How to Explain Event Production at the Dinner Table this Holiday Season

Lifestyle & Culture

As everyone prepares to spend time with family this Holiday Season, event professionals face an age-old struggle; how to describe the events industry. At first mention, well-meaning extended family members assume a career in events involves wedding planning or concerts. It can be difficult to articulate the nuances and complexities of event production. Thankfully, we’ve come up with a simple way to make this annual conversation less awkward.

When you think about it, producing events is pretty similar to the process of preparing a holiday meal. Consider:

Event professionals have to manage factors like scheduling, vendors, messaging, and costs. Planning, preparing, and hosting a holiday meal involves much of the same. It requires delegating responsibility, coordinating various times and temperatures, and balancing numerous dietary restrictions and preferences to create a meal everyone can enjoy.

At many holiday meals, attendees are responsible for cooking separate dishes that combine to make one meal. Preparing each dish requires a particular sort of expertise. Cooking a turkey is very different from baking a pumpkin pie. Similarly, putting on a successful event requires coordinating an array of event professionals with specific expertise and responsibilities.

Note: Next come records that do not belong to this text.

(* Let $\mathcal{G}$ be a class of graphs and $r\ge 2$ an integer. Then $\mathcal{G}$ is fractionally-$\mathrm{tw}$-fragile if and only if $\mathcal{A}_{\mathcal{G}}^{(r)}$ is $\mathrm{tw}$-pliable.
   Context: A $\sigma$-structure $\mathbb{A}$ ($\sigma$ a finite set of symbols with arities) is a finite domain $A$ with functions $f^{\mathbb{A}}\colon A^{\mathrm{ar}(f)}\to\mathbb{Q}_{\ge0}$. For a map $h\colon A\to B$, $\mathrm{val}(h)=\sum_{f\in\sigma}\sum_{\bar x\in A^{\mathrm{ar}(f)}}f^{\mathbb{A}}(\bar x)f^{\mathbb{B}}(h(\bar x))$, $\mathrm{opt}(\mathbb{A},\mathbb{B})=\max_h\mathrm{val}(h)$ over all maps, and $d_{\mathrm{opt}}(\mathbb{A},\mathbb{B})=\sup_{\mathbb{C}}|\ln\mathrm{opt}(\mathbb{A},\mathbb{C})-\ln\mathrm{opt}(\mathbb{B},\mathbb{C})|$ over all $\sigma$-structures $\mathbb{C}$ ($\ln0=-\infty$, $|\ln0-\ln0|=0$). The Gaifman graph of $\mathbb{A}$ has vertex set $A$, distinct $u,v$ adjacent iff both occur in some tuple $\bar x$ with $f^{\mathbb{A}}(\bar x)>0$; $\mathrm{tw}(\mathbb{A})$ is its treewidth. A class $\mathcal{A}$ is $\mathrm{tw}$-pliable if for every $\varepsilon>0$ there is $k$ such that every $\mathbb{A}\in\mathcal{A}$ (signature $\sigma$) has a $\sigma$-structure $\mathbb{B}$ with $\mathrm{tw}(\mathbb{B})\le k$ and $d_{\mathrm{opt}}(\mathbb{A},\mathbb{B})\le\varepsilon$. $\mathcal{A}_{\mathcal{G}}^{(r)}$ is the class of all structures (any signature) whose Gaifman graph lies in $\mathcal{G}$ and whose symbols all have arity at most $r$. A distribution $\pi$ over subsets of $V$ is $\varepsilon$-thin if $\Pr_{X\sim\pi}[v\in X]\le\varepsilon$ for every $v\in V$. $\mathcal{G}$ is fractionally-$\mathrm{tw}$-fragile if for every $\varepsilon>0$ there is $k$ such that every $G\in\mathcal{G}$ has an $\varepsilon$-thin distribution over sets $X\subseteq V(G)$ with $\mathrm{tw}(G-X)\le k$. *)

theory Defs
  imports "HOL-Probability.Probability"
begin

type_synonym graph = "nat set \<times> (nat \<times> nat) set"

definition is_graph :: "graph \<Rightarrow> bool" where
  "is_graph G \<longleftrightarrow> finite (fst G) \<and> snd G \<subseteq> fst G \<times> fst G
     \<and> (\<forall>u v. (u, v) \<in> snd G \<longrightarrow> (v, u) \<in> snd G) \<and> (\<forall>u. (u, u) \<notin> snd G)"

definition graph_iso :: "graph \<Rightarrow> graph \<Rightarrow> bool" where
  "graph_iso G H \<longleftrightarrow> (\<exists>g. bij_betw g (fst G) (fst H) \<and>
     (\<forall>u\<in>fst G. \<forall>v\<in>fst G. (u, v) \<in> snd G \<longleftrightarrow> (g u, g v) \<in> snd H))"

text \<open>A (finite) tree: nonempty finite node set, symmetric irreflexive edge relation,
connected, with exactly |N|-1 undirected edges.\<close>
definition is_tree :: "nat set \<Rightarrow> (nat \<times> nat) set \<Rightarrow> bool" where
  "is_tree N F \<longleftrightarrow> finite N \<and> N \<noteq> {} \<and> F \<subseteq> N \<times> N
     \<and> (\<forall>a b. (a, b) \<in> F \<longrightarrow> (b, a) \<in> F) \<and> (\<forall>a. (a, a) \<notin> F)
     \<and> (\<forall>s\<in>N. \<forall>t\<in>N. (s, t) \<in> F\<^sup>*)
     \<and> card F = 2 * (card N - 1)"

definition tree_decomp :: "graph \<Rightarrow> nat set \<Rightarrow> (nat \<times> nat) set \<Rightarrow> (nat \<Rightarrow> nat set) \<Rightarrow> bool" where
  "tree_decomp G N F \<beta> \<longleftrightarrow> is_tree N F
     \<and> (\<forall>t\<in>N. \<beta> t \<subseteq> fst G)
     \<and> (\<forall>v\<in>fst G. \<exists>t\<in>N. v \<in> \<beta> t)
     \<and> (\<forall>u v. (u, v) \<in> snd G \<longrightarrow> (\<exists>t\<in>N. u \<in> \<beta> t \<and> v \<in> \<beta> t))
     \<and> (\<forall>v\<in>fst G. \<forall>s\<in>N. \<forall>t\<in>N. v \<in> \<beta> s \<longrightarrow> v \<in> \<beta> t \<longrightarrow>
           (s, t) \<in> (F \<inter> ({x. v \<in> \<beta> x} \<times> {x. v \<in> \<beta> x}))\<^sup>*)"

definition treewidth :: "graph \<Rightarrow> nat" where
  "treewidth G = (LEAST k. \<exists>N F \<beta>. tree_decomp G N F \<beta> \<and> (\<forall>t\<in>N. card (\<beta> t) \<le> k + 1))"

definition del_verts :: "graph \<Rightarrow> nat set \<Rightarrow> graph" where
  "del_verts G X = (fst G - X, snd G \<inter> ((fst G - X) \<times> (fst G - X)))"

definition frac_tw_fragile :: "graph set \<Rightarrow> bool" where
  "frac_tw_fragile \<G> \<longleftrightarrow> (\<forall>\<epsilon>::real. \<epsilon> > 0 \<longrightarrow> (\<exists>k::nat. \<forall>G\<in>\<G>. \<exists>\<pi> :: nat set pmf.
      set_pmf \<pi> \<subseteq> {X. X \<subseteq> fst G \<and> treewidth (del_verts G X) \<le> k}
    \<and> (\<forall>v\<in>fst G. measure_pmf.prob \<pi> {X. v \<in> X} \<le> \<epsilon>)))"

type_synonym signature = "nat set \<times> (nat \<Rightarrow> nat)"
type_synonym vstruct = "nat set \<times> (nat \<Rightarrow> nat list \<Rightarrow> real)"

definition tuples :: "nat set \<Rightarrow> nat \<Rightarrow> nat list set" where
  "tuples A n = {xs. length xs = n \<and> set xs \<subseteq> A}"

definition is_sig :: "signature \<Rightarrow> bool" where
  "is_sig \<sigma> \<longleftrightarrow> finite (fst \<sigma>)"

definition is_struct :: "signature \<Rightarrow> vstruct \<Rightarrow> bool" where
  "is_struct \<sigma> \<A> \<longleftrightarrow> finite (fst \<A>) \<and> fst \<A> \<noteq> {}
     \<and> (\<forall>f xs. snd \<A> f xs \<in> \<rat> \<and> snd \<A> f xs \<ge> 0)
     \<and> (\<forall>f xs. snd \<A> f xs \<noteq> 0 \<longrightarrow> f \<in> fst \<sigma> \<and> xs \<in> tuples (fst \<A>) (snd \<sigma> f))"

definition sval :: "signature \<Rightarrow> vstruct \<Rightarrow> vstruct \<Rightarrow> (nat \<Rightarrow> nat) \<Rightarrow> real" where
  "sval \<sigma> \<A> \<B> h = (\<Sum>f\<in>fst \<sigma>. \<Sum>xs\<in>tuples (fst \<A>) (snd \<sigma> f).
       snd \<A> f xs * snd \<B> f (map h xs))"

definition sopt :: "signature \<Rightarrow> vstruct \<Rightarrow> vstruct \<Rightarrow> real" where
  "sopt \<sigma> \<A> \<B> = Max {sval \<sigma> \<A> \<B> h | h. \<forall>x\<in>fst \<A>. h x \<in> fst \<B>}"

definition lnE :: "real \<Rightarrow> ereal" where
  "lnE x = (if x = 0 then - \<infinity> else ereal (ln x))"

definition logdiff :: "real \<Rightarrow> real \<Rightarrow> ereal" where
  "logdiff a b = (if a = 0 \<and> b = 0 then 0 else \<bar>lnE a - lnE b\<bar>)"

definition d_opt :: "signature \<Rightarrow> vstruct \<Rightarrow> vstruct \<Rightarrow> ereal" where
  "d_opt \<sigma> \<A> \<B> = (SUP \<C>\<in>{\<C>. is_struct \<sigma> \<C>}. logdiff (sopt \<sigma> \<A> \<C>) (sopt \<sigma> \<B> \<C>))"

definition gaifman :: "vstruct \<Rightarrow> graph" where
  "gaifman \<A> = (fst \<A>, {(u, v). u \<noteq> v \<and> (\<exists>f xs. snd \<A> f xs > 0 \<and> u \<in> set xs \<and> v \<in> set xs)})"

definition A_class :: "graph set \<Rightarrow> nat \<Rightarrow> (signature \<times> vstruct) set" where
  "A_class \<G> r = {(\<sigma>, \<A>). is_sig \<sigma> \<and> is_struct \<sigma> \<A>
      \<and> (\<exists>G\<in>\<G>. graph_iso (gaifman \<A>) G) \<and> (\<forall>f\<in>fst \<sigma>. snd \<sigma> f \<le> r)}"

definition tw_pliable :: "(signature \<times> vstruct) set \<Rightarrow> bool" where
  "tw_pliable \<AA> \<longleftrightarrow> (\<forall>\<epsilon>::real. \<epsilon> > 0 \<longrightarrow> (\<exists>k::nat. \<forall>(\<sigma>, \<A>)\<in>\<AA>.
      \<exists>\<B>. is_struct \<sigma> \<B> \<and> treewidth (gaifman \<B>) \<le> k \<and> d_opt \<sigma> \<A> \<B> \<le> ereal \<epsilon>))"

end

theory Submission
  imports Defs
begin

text \<open>
  Fragility implies pliability: given a thin distribution of deletion sets X with small
  tw (G - X), replace A by a disjoint union of copies of A, one per set X in the support and
  weighted by (a rational approximation of) its probability, where the copy for X loses every
  tuple meeting X. Every copy has small treewidth. An assignment of the union is dominated by
  one of A; conversely, copying an optimal assignment of A loses, by a union bound over the at
  most r elements of a tuple, only a fraction of r times the thinness of its value.

  Pliability implies fragility: encode a weighting w of the vertices of G as the structure A_w
  with unary weights w v and binary weights min (w u) (w v) on the edges. If d_opt (A_w, B) is
  small, there are maps g from A_w to B and h back whose round trip h \<circ> g preserves most of
  the weight. Deleting the vertices moved by h \<circ> g and a lighter endpoint of every edge that
  is not preserved leaves a subgraph of G embedding into the Gaifman graph of B. Since graphs
  of bounded treewidth are sparse, a coarse approximation of A_w already bounds the total edge
  weight by O(k) times the vertex weight, so the deleted set is light. Multiplicative weights
  turn light deletion sets for all weightings into a thin distribution.
\<close>

section \<open>Optimal values and the distance d_opt\<close>

lemma sval_cong:
  assumes "\<forall>x\<in>fst A. h x = h' x"
  shows "sval \<sigma> A B h = sval \<sigma> A B h'"
proof -
  have "\<And>f xs. xs \<in> tuples (fst A) (snd \<sigma> f) \<Longrightarrow> map h xs = map h' xs"
    using assms unfolding tuples_def by (auto intro: map_cong)
  then show ?thesis unfolding sval_def by (intro sum.cong refl) (simp only:)
qed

Although one can plan the meal as carefully as possible, last-minute challenges will always arise. Someone brings an unexpected guest, forgets their assigned dish, or forgets to press “start” on the oven timer. In the moment, you realize you don’t have enough gravy for the mashed potatoes, the milk is spoiled, or the plates don’t all fit on the table. Last-minute solutions must be found for things to go successfully – and this is where event professionals shine! We substitute milk with half n’ half, find space for one more at the table, and whip up another batch of gravy from pan drippings.

Even when things do go as planned, transitioning a meal from the kitchen to the tabletop is a process. Although there’s a way things are supposed to be arranged, once everything’s been laid out, you realize the cranberry sauce is hidden behind the bread rolls, so you move it somewhere more visible. Event professionals make similar changes on-site for the first time – thinking through an event and making small adjustments to ensure everyone at the table has a wonderful experience.

We hope you find this analogy helpful this holiday season. From all of us at LEO Events, we wish you a holiday season full of joy, cheer, and of course, expertly planned meals!